(* Let $\mathbb{C}$ be a modified category of interest and $\mathcal{X}=(\partial\colon E\to R)$, $\mathcal{X}'=(\partial'\colon E'\to R')$ crossed modules in $\mathbb{C}$. There is a groupoid $\mathrm{HOM}(\mathcal{X},\mathcal{X}')$ whose objects are the crossed module morphisms $\mathcal{X}\to\mathcal{X}'$ and whose morphisms from $f$ to $g$ are the homotopies $(f_0,s)$ connecting $f$ to $g$ (identities given by the zero derivation, inverses by $s\mapsto -s$, composition by pointwise sum $s+s'$). In particular, the relation on crossed module morphisms $\mathcal{X}\to\mathcal{X}'$ given by "$f\simeq g$ if and only if there exists an $f_0$-derivation $s$ connecting $f$ to $g$" is an equivalence relation.
   Context: A modified category of interest (MCI) is a category $\mathbb{C}$ of groups (written additively) with additional unary and binary operations: $\Omega=\Omega_0\cup\Omega_1\cup\Omega_2$, $\Omega_0=\{0\}$, $\Omega_2'=\Omega_2\setminus\{+\}$ closed under $x*^\circ y=y*x$, with $x*(y+z)=x*y+x*z$, unary operations other than $-$ compatible with $+$ and $*$, $x_1+(x_2*x_3)=(x_2*x_3)+x_1$, and each $(x_1*x_2)\bar*x_3$ expressible as a word in the products $x_i(x_jx_k),(x_jx_k)x_i$, $i\in\{1,2\}$. A derived action of $R$ on $E$ consists of maps $r\cdot e=\sigma(r)+e-\sigma(r)$, $r*e=\sigma(r)*e$ ($*\in\Omega_2'$) induced by a split extension of $R$ by $E$ with section $\sigma$. A crossed module is a morphism $\partial\colon E\to R$ with a derived action satisfying $\partial(r\cdot e)=r+\partial(e)-r$, $\partial(r*e)=r*\partial(e)$, $\partial(e)\cdot e'=e+e'-e$, $\partial(e)*e'=e*e'$. A crossed module morphism $(f_1,f_0)$ satisfies $\partial'f_1=f_0\partial$, $f_1(r\cdot e)=f_0(r)\cdot f_1(e)$, $f_1(r*e)=f_0(r)*f_1(e)$. For a morphism $f_0\colon R\to R'$, an $f_0$-derivation is a map $s\colon R\to E'$ with $s(g+h)=\big(f_0(-h)\cdot s(g)\big)+s(h)$ and $s(g*h)=f_0(g)*s(h)+f_0(h)*^\circ s(g)+s(g)*s(h)$ for all $g,h\in R$, $*\in\Omega_2'$. An $f_0$-derivation $s$ connects $f$ to $g$ (a homotopy $(f_0,s)$ from $f$ to $g$) if $g_0(r)=f_0(r)+\partial'(s(r))$ and $g_1(e)=f_1(e)+s(\partial(e))$ for all $r\in R$, $e\in E$. *)

theory Defs
  imports Main
begin

text \<open>Binary operations other than + are indexed by the type 'o (this is Omega2'),
  unary operations other than - are indexed by the type 'u (this is Omega1').\<close>

record ('a, 'o, 'u) alg =
  carrier :: "'a set"
  plus :: "'a \<Rightarrow> 'a \<Rightarrow> 'a"
  neg :: "'a \<Rightarrow> 'a"
  zero :: "'a"
  bin :: "'o \<Rightarrow> 'a \<Rightarrow> 'a \<Rightarrow> 'a"
  un :: "'u \<Rightarrow> 'a \<Rightarrow> 'a"

datatype ('o, 'u) trm =
    Var nat
  | Zero
  | Plus "('o, 'u) trm" "('o, 'u) trm"
  | Neg "('o, 'u) trm"
  | Bin 'o "('o, 'u) trm" "('o, 'u) trm"
  | UnOp 'u "('o, 'u) trm"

§

### WORK INSTRUCTION
Retype nothing except the lines from the line holding "Context: A modified" through the last line of the entries, both included.

### EXERCISE RESULT
   Context: A modified category of interest (MCI) is a category $\mathbb{C}$ of groups (written additively) with additional unary and binary operations: $\Omega=\Omega_0\cup\Omega_1\cup\Omega_2$, $\Omega_0=\{0\}$, $\Omega_2'=\Omega_2\setminus\{+\}$ closed under $x*^\circ y=y*x$, with $x*(y+z)=x*y+x*z$, unary operations other than $-$ compatible with $+$ and $*$, $x_1+(x_2*x_3)=(x_2*x_3)+x_1$, and each $(x_1*x_2)\bar*x_3$ expressible as a word in the products $x_i(x_jx_k),(x_jx_k)x_i$, $i\in\{1,2\}$. A derived action of $R$ on $E$ consists of maps $r\cdot e=\sigma(r)+e-\sigma(r)$, $r*e=\sigma(r)*e$ ($*\in\Omega_2'$) induced by a split extension of $R$ by $E$ with section $\sigma$. A crossed module is a morphism $\partial\colon E\to R$ with a derived action satisfying $\partial(r\cdot e)=r+\partial(e)-r$, $\partial(r*e)=r*\partial(e)$, $\partial(e)\cdot e'=e+e'-e$, $\partial(e)*e'=e*e'$. A crossed module morphism $(f_1,f_0)$ satisfies $\partial'f_1=f_0\partial$, $f_1(r\cdot e)=f_0(r)\cdot f_1(e)$, $f_1(r*e)=f_0(r)*f_1(e)$. For a morphism $f_0\colon R\to R'$, an $f_0$-derivation is a map $s\colon R\to E'$ with $s(g+h)=\big(f_0(-h)\cdot s(g)\big)+s(h)$ and $s(g*h)=f_0(g)*s(h)+f_0(h)*^\circ s(g)+s(g)*s(h)$ for all $g,h\in R$, $*\in\Omega_2'$. An $f_0$-derivation $s$ connects $f$ to $g$ (a homotopy $(f_0,s)$ from $f$ to $g$) if $g_0(r)=f_0(r)+\partial'(s(r))$ and $g_1(e)=f_1(e)+s(\partial(e))$ for all $r\in R$, $e\in E$. *)

theory Defs
  imports Main
begin

text \<open>Binary operations other than + are indexed by the type 'o (this is Omega2'),
  unary operations other than - are indexed by the type 'u (this is Omega1').\<close>

record ('a, 'o, 'u) alg =
  carrier :: "'a set"
  plus :: "'a \<Rightarrow> 'a \<Rightarrow> 'a"
  neg :: "'a \<Rightarrow> 'a"
  zero :: "'a"
  bin :: "'o \<Rightarrow> 'a \<Rightarrow> 'a \<Rightarrow> 'a"
  un :: "'u \<Rightarrow> 'a \<Rightarrow> 'a"

datatype ('o, 'u) trm =
    Var nat
  | Zero
  | Plus "('o, 'u) trm" "('o, 'u) trm"
  | Neg "('o, 'u) trm"
  | Bin 'o "('o, 'u) trm" "('o, 'u) trm"
  | UnOp 'u "('o, 'u) trm"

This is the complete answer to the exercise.